Once you find the line with "list \<Rightarrow> nat" in the entries below, return exactly every line from it through the line with "A = \<lparr>states".

• _Collected data entries_:
* * *

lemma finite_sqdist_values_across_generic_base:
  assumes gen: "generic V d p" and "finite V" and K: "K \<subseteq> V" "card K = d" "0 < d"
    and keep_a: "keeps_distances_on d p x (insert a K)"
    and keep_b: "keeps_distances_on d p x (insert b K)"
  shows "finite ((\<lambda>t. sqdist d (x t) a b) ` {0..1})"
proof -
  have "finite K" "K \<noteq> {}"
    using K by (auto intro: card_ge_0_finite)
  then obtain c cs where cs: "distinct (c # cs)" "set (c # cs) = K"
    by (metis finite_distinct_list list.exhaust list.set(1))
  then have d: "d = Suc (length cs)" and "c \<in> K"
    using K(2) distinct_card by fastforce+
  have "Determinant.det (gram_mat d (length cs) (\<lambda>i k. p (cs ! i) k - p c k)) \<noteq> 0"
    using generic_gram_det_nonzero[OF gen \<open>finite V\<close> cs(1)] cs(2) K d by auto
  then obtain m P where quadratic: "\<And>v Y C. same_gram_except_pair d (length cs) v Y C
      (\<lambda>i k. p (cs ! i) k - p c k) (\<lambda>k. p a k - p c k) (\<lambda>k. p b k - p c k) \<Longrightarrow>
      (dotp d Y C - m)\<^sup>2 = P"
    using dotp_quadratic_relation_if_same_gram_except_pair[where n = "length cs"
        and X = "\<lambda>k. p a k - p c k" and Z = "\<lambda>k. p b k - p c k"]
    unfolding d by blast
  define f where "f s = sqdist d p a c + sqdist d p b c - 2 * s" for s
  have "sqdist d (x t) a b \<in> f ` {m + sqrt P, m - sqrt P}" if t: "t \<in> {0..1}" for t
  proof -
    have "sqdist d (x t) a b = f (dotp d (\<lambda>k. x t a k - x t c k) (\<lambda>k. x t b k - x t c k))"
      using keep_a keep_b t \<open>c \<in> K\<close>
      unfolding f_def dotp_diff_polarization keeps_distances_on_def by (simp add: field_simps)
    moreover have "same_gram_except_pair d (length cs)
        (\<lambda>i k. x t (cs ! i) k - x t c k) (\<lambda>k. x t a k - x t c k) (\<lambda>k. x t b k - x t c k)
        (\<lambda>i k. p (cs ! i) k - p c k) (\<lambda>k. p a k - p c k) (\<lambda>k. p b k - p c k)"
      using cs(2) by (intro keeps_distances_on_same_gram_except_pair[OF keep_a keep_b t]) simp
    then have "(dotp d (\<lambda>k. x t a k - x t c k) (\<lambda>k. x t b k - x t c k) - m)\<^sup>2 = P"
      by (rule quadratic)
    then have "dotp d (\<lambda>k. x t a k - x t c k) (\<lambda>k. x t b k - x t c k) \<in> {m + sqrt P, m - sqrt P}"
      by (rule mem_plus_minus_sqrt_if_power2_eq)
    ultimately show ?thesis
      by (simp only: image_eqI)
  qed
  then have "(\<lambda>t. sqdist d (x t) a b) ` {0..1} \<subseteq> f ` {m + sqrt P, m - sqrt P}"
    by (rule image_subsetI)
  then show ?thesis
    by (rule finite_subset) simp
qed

* * *

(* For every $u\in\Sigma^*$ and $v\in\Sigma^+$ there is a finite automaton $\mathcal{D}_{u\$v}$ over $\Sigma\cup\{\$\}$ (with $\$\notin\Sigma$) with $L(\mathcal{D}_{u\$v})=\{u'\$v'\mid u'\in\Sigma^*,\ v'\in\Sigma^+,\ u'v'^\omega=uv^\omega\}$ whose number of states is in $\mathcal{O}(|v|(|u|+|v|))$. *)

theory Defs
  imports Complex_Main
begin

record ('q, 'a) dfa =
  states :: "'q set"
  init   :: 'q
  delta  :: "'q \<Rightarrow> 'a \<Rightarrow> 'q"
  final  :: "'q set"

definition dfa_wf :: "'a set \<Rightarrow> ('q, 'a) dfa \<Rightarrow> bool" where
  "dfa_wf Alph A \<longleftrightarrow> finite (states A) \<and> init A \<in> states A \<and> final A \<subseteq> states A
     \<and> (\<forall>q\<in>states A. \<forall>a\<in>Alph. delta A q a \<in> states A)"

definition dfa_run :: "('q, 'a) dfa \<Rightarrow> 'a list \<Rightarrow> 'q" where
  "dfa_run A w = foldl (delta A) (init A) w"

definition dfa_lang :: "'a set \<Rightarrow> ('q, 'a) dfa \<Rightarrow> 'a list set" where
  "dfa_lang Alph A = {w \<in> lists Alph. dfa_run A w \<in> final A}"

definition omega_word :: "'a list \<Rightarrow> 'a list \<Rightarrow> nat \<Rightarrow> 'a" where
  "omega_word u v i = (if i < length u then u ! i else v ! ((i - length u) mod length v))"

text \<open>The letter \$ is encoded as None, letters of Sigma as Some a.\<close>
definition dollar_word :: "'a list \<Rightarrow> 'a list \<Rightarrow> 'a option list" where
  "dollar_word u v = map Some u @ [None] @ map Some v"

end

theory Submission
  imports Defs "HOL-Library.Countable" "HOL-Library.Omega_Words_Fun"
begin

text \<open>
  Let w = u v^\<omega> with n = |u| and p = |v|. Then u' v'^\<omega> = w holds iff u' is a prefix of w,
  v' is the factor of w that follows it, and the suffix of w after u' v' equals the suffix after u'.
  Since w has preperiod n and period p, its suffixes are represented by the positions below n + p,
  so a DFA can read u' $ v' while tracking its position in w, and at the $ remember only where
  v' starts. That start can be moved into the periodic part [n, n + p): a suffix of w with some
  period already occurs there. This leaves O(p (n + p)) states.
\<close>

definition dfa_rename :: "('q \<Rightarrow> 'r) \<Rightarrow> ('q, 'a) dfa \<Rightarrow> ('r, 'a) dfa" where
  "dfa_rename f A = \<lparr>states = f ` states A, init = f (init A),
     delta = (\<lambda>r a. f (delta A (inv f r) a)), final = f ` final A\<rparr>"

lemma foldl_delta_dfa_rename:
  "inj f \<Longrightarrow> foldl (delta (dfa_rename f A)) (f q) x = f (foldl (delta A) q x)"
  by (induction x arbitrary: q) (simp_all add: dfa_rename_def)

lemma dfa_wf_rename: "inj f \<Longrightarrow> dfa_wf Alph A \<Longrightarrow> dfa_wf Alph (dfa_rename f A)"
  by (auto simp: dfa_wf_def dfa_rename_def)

* * *

• _Your response_:
definition omega_word :: "'a list \<Rightarrow> 'a list \<Rightarrow> nat \<Rightarrow> 'a" where
  "omega_word u v i = (if i < length u then u ! i else v ! ((i - length u) mod length v))"

text \<open>The letter \$ is encoded as None, letters of Sigma as Some a.\<close>
definition dollar_word :: "'a list \<Rightarrow> 'a list \<Rightarrow> 'a option list" where
  "dollar_word u v = map Some u @ [None] @ map Some v"

end

theory Submission
  imports Defs "HOL-Library.Countable" "HOL-Library.Omega_Words_Fun"
begin

text \<open>
  Let w = u v^\<omega> with n = |u| and p = |v|. Then u' v'^\<omega> = w holds iff u' is a prefix of w,
  v' is the factor of w that follows it, and the suffix of w after u' v' equals the suffix after u'.
  Since w has preperiod n and period p, its suffixes are represented by the positions below n + p,
  so a DFA can read u' $ v' while tracking its position in w, and at the $ remember only where
  v' starts. That start can be moved into the periodic part [n, n + p): a suffix of w with some
  period already occurs there. This leaves O(p (n + p)) states.
\<close>

definition dfa_rename :: "('q \<Rightarrow> 'r) \<Rightarrow> ('q, 'a) dfa \<Rightarrow> ('r, 'a) dfa" where
  "dfa_rename f A = \<lparr>states = f ` states A, init = f (init A),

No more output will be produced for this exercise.